The auto-copy characteristic in Amazon Redshift simplifies computerized knowledge loading from Amazon S3 with a easy SQL command, customers can simply automate knowledge ingestion from Amazon S3 to Amazon Redshift utilizing the Amazon Redshift auto-copy preview characteristic
For extra details about the efficiency of the Google BigQuery Connector for AWS Glue, check with Migrate terabytes of knowledge shortly from Google Cloud to Amazon S3 with AWS Glue Connector for Google BigQuery and discover ways to migrate a considerable amount of knowledge (1.9 TB) into Amazon S3 shortly (about 8 minutes).
To study extra about AWS Glue ETL jobs, see Simplify knowledge pipelines with AWS Glue computerized code technology and workflows and Making ETL simpler with AWS Glue Studio.
Concerning the Authors
Tahir Aziz is an Analytics Resolution Architect at AWS. He has labored with constructing knowledge warehouses and massive knowledge options for over 13 years. He loves to assist clients design end-to-end analytics options on AWS. Outdoors of labor, he enjoys touring and cooking.
Ritesh Kumar Sinha is an Analytics Specialist Options Architect primarily based out of San Francisco. He has helped clients construct scalable knowledge warehousing and massive knowledge options for over 16 years. He likes to design and construct environment friendly end-to-end options on AWS. In his spare time, he loves studying, strolling, and doing yoga.
Fabrizio Napolitano is a Principal Specialist Options Architect for DB and Analytics. He has labored within the analytics area for the final 20 years, and has lately and fairly without warning change into a Hockey Dad after shifting to Canada.
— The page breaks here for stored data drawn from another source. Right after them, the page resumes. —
lemma fhat_lipschitz:
  assumes "\<And>b. b \<in> binary \<Longrightarrow> \<exists>L. L-lipschitz_on X (\<lambda>y. f y b)"
  shows "\<exists>K. \<forall>\<alpha>\<in>unit_cube. K-lipschitz_on X (\<lambda>y. fhat f y \<alpha>)"
proof -
  obtain L where L: "\<And>b. b \<in> binary \<Longrightarrow> (L b)-lipschitz_on X (\<lambda>y. f y b)"
    using assms by metis
  define K where "K = L 0 + (\<Sum>j\<in>UNIV. L (e j) + L 0)"
  have "K-lipschitz_on X (\<lambda>y. fhat f y \<alpha>)" if \<alpha>: "\<alpha> \<in> unit_cube" for \<alpha>
  proof (rule lipschitz_onI)
    show "0 \<le> K" unfolding K_def
      using lipschitz_on_nonneg[OF L] zero_binary e_binary by (intro add_nonneg_nonneg sum_nonneg) auto
    fix y z assume y: "y \<in> X" and z: "z \<in> X"
    have f0: "norm (f y 0 - f z 0) \<le> L 0 * dist y z"
      using lipschitz_onD[OF L[OF zero_binary] y z] by (simp add: dist_norm)
    have fj: "norm (\<alpha> $ j *\<^sub>R ((f y (e j) - f y 0) - (f z (e j) - f z 0))) \<le> (L (e j) + L 0) * dist y z" for j
    proof -
      have "0 \<le> \<alpha> $ j" "\<alpha> $ j \<le> 1" using \<alpha> unfolding unit_cube_def by auto
      then have "norm (\<alpha> $ j *\<^sub>R ((f y (e j) - f y 0) - (f z (e j) - f z 0)))
          \<le> norm ((f y (e j) - f z (e j)) - (f y 0 - f z 0))"
        by (simp add: algebra_simps mult_left_le_one_le del: scaleR_diff_right)
      also have "\<dots> \<le> norm (f y (e j) - f z (e j)) + norm (f y 0 - f z 0)"
        by (rule norm_triangle_ineq4)
      also have "\<dots> \<le> L (e j) * dist y z + L 0 * dist y z"
        using lipschitz_onD[OF L[OF e_binary] y z] f0 by (intro add_mono) (simp_all add: dist_norm)
      finally show ?thesis by (simp add: algebra_simps)
    qed
    have eq: "fhat f y \<alpha> - fhat f z \<alpha>
        = (f y 0 - f z 0) + (\<Sum>j\<in>UNIV. \<alpha> $ j *\<^sub>R ((f y (e j) - f y 0) - (f z (e j) - f z 0)))"
      unfolding fhat_def by (simp add: scaleR_diff_right sum_subtractf)
    have "norm (fhat f y \<alpha> - fhat f z \<alpha>)
        \<le> norm (f y 0 - f z 0) + (\<Sum>j\<in>UNIV. norm (\<alpha> $ j *\<^sub>R ((f y (e j) - f y 0) - (f z (e j) - f z 0))))"
      unfolding eq by (rule order_trans[OF norm_triangle_ineq add_left_mono[OF norm_sum]])
    also have "\<dots> \<le> L 0 * dist y z + (\<Sum>j\<in>UNIV. (L (e j) + L 0) * dist y z)"
      using f0 fj by (intro add_mono sum_mono)
    finally have "norm (fhat f y \<alpha> - fhat f z \<alpha>) \<le> L 0 * dist y z + (\<Sum>j\<in>UNIV. (L (e j) + L 0) * dist y z)" .
    then show "dist (fhat f y \<alpha>) (fhat f z \<alpha>) \<le> K * dist y z"
      unfolding K_def by (simp add: dist_norm sum_distrib_right distrib_right)
  qed
  then show ?thesis by blast
qed

lemma Jpay_eq_Jhat:
  assumes T: "0 \<le> T" and b: "b \<in> binary"
    and sol: "unique_sol X T x0 (\<lambda>y. f y b)"
    and sol_hat: "\<And>a. a \<in> unit_cube \<Longrightarrow> unique_sol X T x0 (\<lambda>y. fhat f y a)"
    and f_eq: "\<And>y b. y \<in> X \<Longrightarrow> b \<in> binary \<Longrightarrow> fhat f y b = f y b"
    and r_eq: "\<And>y b. y \<in> X \<Longrightarrow> b \<in> binary \<Longrightarrow> rhat r y b = r y b"
  shows "Jpay X T x0 f r q b = Jhat X T x0 f r q b"
proof -
  define z where "z = traj X T x0 (\<lambda>y. f y b)"
  have z: "solves X T x0 (\<lambda>y. f y b) z" unfolding z_def by (rule traj_solves[OF sol])
  have "solves X T x0 (\<lambda>y. fhat f y b) z" by (rule solves_cong[OF z]) (use f_eq b in simp)
  then have traj_eq: "traj X T x0 (\<lambda>y. fhat f y b) t = z t" if "t \<in> {0..T}" for t
    using traj_eq_solution[OF sol_hat[OF binary_imp_unit_cube[OF b]] _ that] by blast
  have "integral {0..T} (\<lambda>t. r (z t) b) = integral {0..T} (\<lambda>t. rhat r (traj X T x0 (\<lambda>y. fhat f y b) t) b)"
    using z r_eq b traj_eq unfolding solves_def by (intro integral_cong) auto
  then show ?thesis
    unfolding Jpay_def Jcal_def Jhat_def Let_def z_def[symmetric] using traj_eq[of T] T by simp
qed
Manjula Nagineni is a Senior Options Architect with AWS primarily based in New York. She works with main monetary service establishments, architecting and modernizing their large-scale functions whereas adopting AWS Cloud providers. She is keen about designing large knowledge workloads cloud-natively. She has over 20 years of IT expertise in software program growth, analytics, and structure throughout a number of domains similar to finance, retail, and telecom.
Sohaib Katariwala is an Analytics Specialist Options Architect at AWS. He has over 12 years of expertise serving to organizations derive insights from their knowledge.